Web Scraping with a Headless Browser: A Puppeteer Tutorial
The last few years have seen the web evolve from simplistic websites built with bare HTML and CSS. Now there are much more interactive web apps with beautiful UIs, which are often built with frameworks such as Angular or React. In other words, nowadays JavaScript rules the web, including almost everything you interact with on websites.
For our purposes, JavaScript is a client-side language. The server returns JavaScript files or scripts injected into an HTML response, and the browser processes it. Now, this is a problem if we are doing some kind of web scraping or web automation because more times than not, the content that we’d like to see or scrape is actually rendered by JavaScript code and is not accessible from the raw HTML response that the server delivers.
As we mentioned above, browsers do know how to process the JavaScript and render beautiful web pages. Now, what if we could leverage this functionality for our scraping needs and had a way to control browsers programmatically? That’s exactly where headless browser automation steps in!

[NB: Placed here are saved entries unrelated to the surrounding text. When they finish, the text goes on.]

(* Let $r\geqslant 2$, $n\geqslant 2r-1$, and let $\pi,\sigma\in\mathrm{Sym}_n$ with $w_H(\pi)=2r-1$ and $w_H(\sigma)=r$. Then $\sigma\in N_3(\pi)$ if and only if the following holds. There is exactly one non-trivial cycle of $\sigma$ which is not a cycle of $\pi$, all other non-trivial cycles of $\sigma$ being cycles of $\pi$. This exceptional cycle can be written as $(y_1\,\ldots\,y_t)$ with $t\geqslant 2$ in such a way that $\pi$ has a cycle $(y_1\,\ldots\,y_t\,y_{t+1}\,\ldots\,y_{t+s})$ for some $s\geqslant 1$.
   Context: $\mathrm{Sym}_n$ is the symmetric group on $[n]$, and $w_H(\pi)=|\{i:\pi(i)\neq i\}|$. $Tc(\pi)=\{(i,\pi(i)):\pi(i)\neq i\}$. For $\pi$ with $w_H(\pi)=2r-1$, $N_3(\pi)=\{\sigma\in\mathrm{Sym}_n:|Tc(\sigma)\cap Tc(\pi)|=r-1,\ |Tc(\sigma)|=r\}$. *)

theory Defs
  imports "HOL-Combinatorics.Permutations"
begin

text \<open>Sym_n is modelled as the functions nat => nat that permute {1..n}.\<close>

definition wH :: "nat \<Rightarrow> (nat \<Rightarrow> nat) \<Rightarrow> nat" where
  "wH n \<pi> = card {i \<in> {1..n}. \<pi> i \<noteq> i}"

definition Tc :: "nat \<Rightarrow> (nat \<Rightarrow> nat) \<Rightarrow> (nat \<times> nat) set" where
  "Tc n \<pi> = {(i, \<pi> i) | i. i \<in> {1..n} \<and> \<pi> i \<noteq> i}"

definition N3 :: "nat \<Rightarrow> nat \<Rightarrow> (nat \<Rightarrow> nat) \<Rightarrow> (nat \<Rightarrow> nat) set" where
  "N3 n r \<pi> = {\<sigma>. \<sigma> permutes {1..n} \<and> card (Tc n \<sigma> \<inter> Tc n \<pi>) = r - 1 \<and> card (Tc n \<sigma>) = r}"
lemma vis_step:
  "vis (step node time s e) a u = vis s a u \<or>
   (\<exists>\<tau>. vis (step node time s e) a u = Some \<tau> \<and> event_visits e a u \<tau>)"
  by (cases e) (auto simp: event_visits_def split: if_splits)

lemma event_visits_clk: "event_visits e a u \<tau> \<Longrightarrow> clk (step node time s e) = \<tau>"
  by (auto simp: event_visits_def)

lemma event_visits_in_V:
  "protocol_inv s \<Longrightarrow> enabled w R r0 time s e \<Longrightarrow> event_visits e a u \<tau> \<Longrightarrow> u \<in> V"
  using node_in_V transitD edge_in_V by (fastforce simp: event_visits_def)

lemma queue_step:
  assumes inv: "protocol_inv s" and qinv: "queue_inv s" and en: "enabled w R r0 time s e"
  shows "queue_progress s (step node time s e) \<and> queue_inv (step node time s e) \<and>
    (\<forall>a u \<tau>. event_visits e a u \<tau> \<longrightarrow> (tail s u, a) \<in> queue_graph (step node time s e))"
proof (cases e)
  case (Issue r)
  then show ?thesis
    using queue_step_Issue[OF inv qinv] queue_edge_Issue[OF inv] en
    by (auto simp: event_visits_def)
next
  case (Deliver m \<tau>)
  then obtain r x u \<sigma> where e: "e = Deliver (r, x, u, \<sigma>) \<tau>" by (cases m) auto
  then show ?thesis
    using queue_step_Deliver[OF inv qinv] queue_edge_Deliver[OF inv] en
    by (auto simp: event_visits_def)
qed

lemma boundary_message:
  assumes inv: "protocol_inv s" and qinv: "queue_inv s" and pq: "E p q"
    and inside: "(b, tail s p) \<in> (queue_graph s)\<^sup>*" and outside: "(b, tail s q) \<notin> (queue_graph s)\<^sup>*"
  shows "\<exists>r \<sigma>. (r, p, q, \<sigma>) \<in> trans s"
proof -
  have "p \<in> V" "q \<in> V" using edge_in_V pq by auto
  consider "lnk s p = q" | "lnk s q = p" | r \<sigma> where "(r, p, q, \<sigma>) \<in> trans s"
    | r \<sigma> where "(r, q, p, \<sigma>) \<in> trans s"
    using inv pq unfolding protocol_inv_def edges_covered_def by blast
  then show ?thesis
  proof cases
    case 1
    then show ?thesis using tail_link[OF inv \<open>p \<in> V\<close>] inside outside by simp
  next
    case 2
    then show ?thesis using tail_link[OF inv \<open>q \<in> V\<close>] inside outside by simp
  next
    case (4 r \<sigma>)
    have "(b, r) \<in> (queue_graph s)\<^sup>*"
      using inside queue_graph_transit[OF 4] by (rule rtrancl.rtrancl_into_rtrancl)
    then have "(b, tail s q) \<in> (queue_graph s)\<^sup>*"
      using queue_inv_sender[OF qinv 4] by (rule rtrancl_trans)
    with outside show ?thesis by contradiction
  qed blast
qed

lemma queue_before_subset: "queue_before R s \<subseteq> (queue_graph s)\<^sup>+"
  unfolding queue_before_def by (rule trancl_mono_subset) (auto intro: queue_graph_prd)

lemma queue_before_issued:
  assumes inv: "protocol_inv s" and ab: "(a, b) \<in> queue_before R s"
  shows "b \<in> iss s" "a \<in> iss s \<or> a = r0"
proof -
  obtain c where "prd s b = Some c" using ab unfolding queue_before_def by (auto dest: tranclD2)
  then show "b \<in> iss s" using prd_issued[OF inv] by blast
  obtain d where "prd s d = Some a" using ab unfolding queue_before_def by (auto dest: tranclD)
  then show "a \<in> iss s \<or> a = r0"
    using inv unfolding protocol_inv_def requests_ok_def by blast
qed

end

section \<open>Executions\<close>

locale arrow_run = arrow_system V E w R r0 node time lnk0
  for V :: "'v set" and E w and R :: "'r set" and r0 node time lnk0 +
  fixes es :: "('v, 'r) arrow_event list"
  assumes execution: "arrow_execution w R r0 node time lnk0 es"
begin

definition state :: "nat \<Rightarrow> ('v, 'r) arrow_state" where
  "state k = foldl (step node time) (init_state lnk0 r0) (take k es)"

lemma state_0: "state 0 = init_state lnk0 r0"
  by (simp add: state_def)

lemma state_Suc: "k < length es \<Longrightarrow> state (Suc k) = step node time (state k) (es!k)"
  by (simp add: state_def take_Suc_conv_app_nth)

lemma state_after_end: "length es \<le> k \<Longrightarrow> state k = final_state node time r0 lnk0 es"
  by (simp add: state_def final_state_def)

lemma enabled_state: "k < length es \<Longrightarrow> enabled w R r0 time (state k) (es!k)"
  using execution unfolding arrow_execution_def state_def by (blast intro: valid_run_enabled)

lemma trans_final: "trans (state (length es)) = {}"
  using execution state_after_end unfolding arrow_execution_def by simp

lemma state_invariants: "protocol_inv (state k) \<and> queue_inv (state k)"
proof (induction k)
  case 0
  then show ?case using protocol_inv_init queue_inv_init by (simp add: state_0)
next
  case (Suc k)
  show ?case
  proof (cases "k < length es")
    case True
    then show ?thesis
      using Suc protocol_inv_step queue_step enabled_state state_Suc by metis
  next
    case False
    then show ?thesis using Suc state_after_end by simp
  qed
qed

Headless? Excuse me? Yes, this just means there’s no graphical user interface (GUI). Instead of interacting with visual elements the way you normally would—for example with a mouse or touch device—you automate use cases with a command-line interface(CLI).
There are many web scraping tools that can be used for headless browsing, like Zombie.js or headless Firefox using Selenium. But today we’ll be exploring headless Chrome via Puppeteer, as it’s a relatively newer player, released at the start of 2018. Editor’s note: It’s worth mentioning Intoli’s Remote Browser, another new player, but that will have to be a subject for another article.
What exactly is Puppeteer? It’s a Node.js library which provides a high-level API to control headless Chrome or Chromium or to interact with the DevTools protocol. It’s maintained by the Chrome DevTools team and an awesome open-source community.
Enough talking—let’s jump into the code and explore the world of how to automate web scraping using Puppeteer’s headless browsing!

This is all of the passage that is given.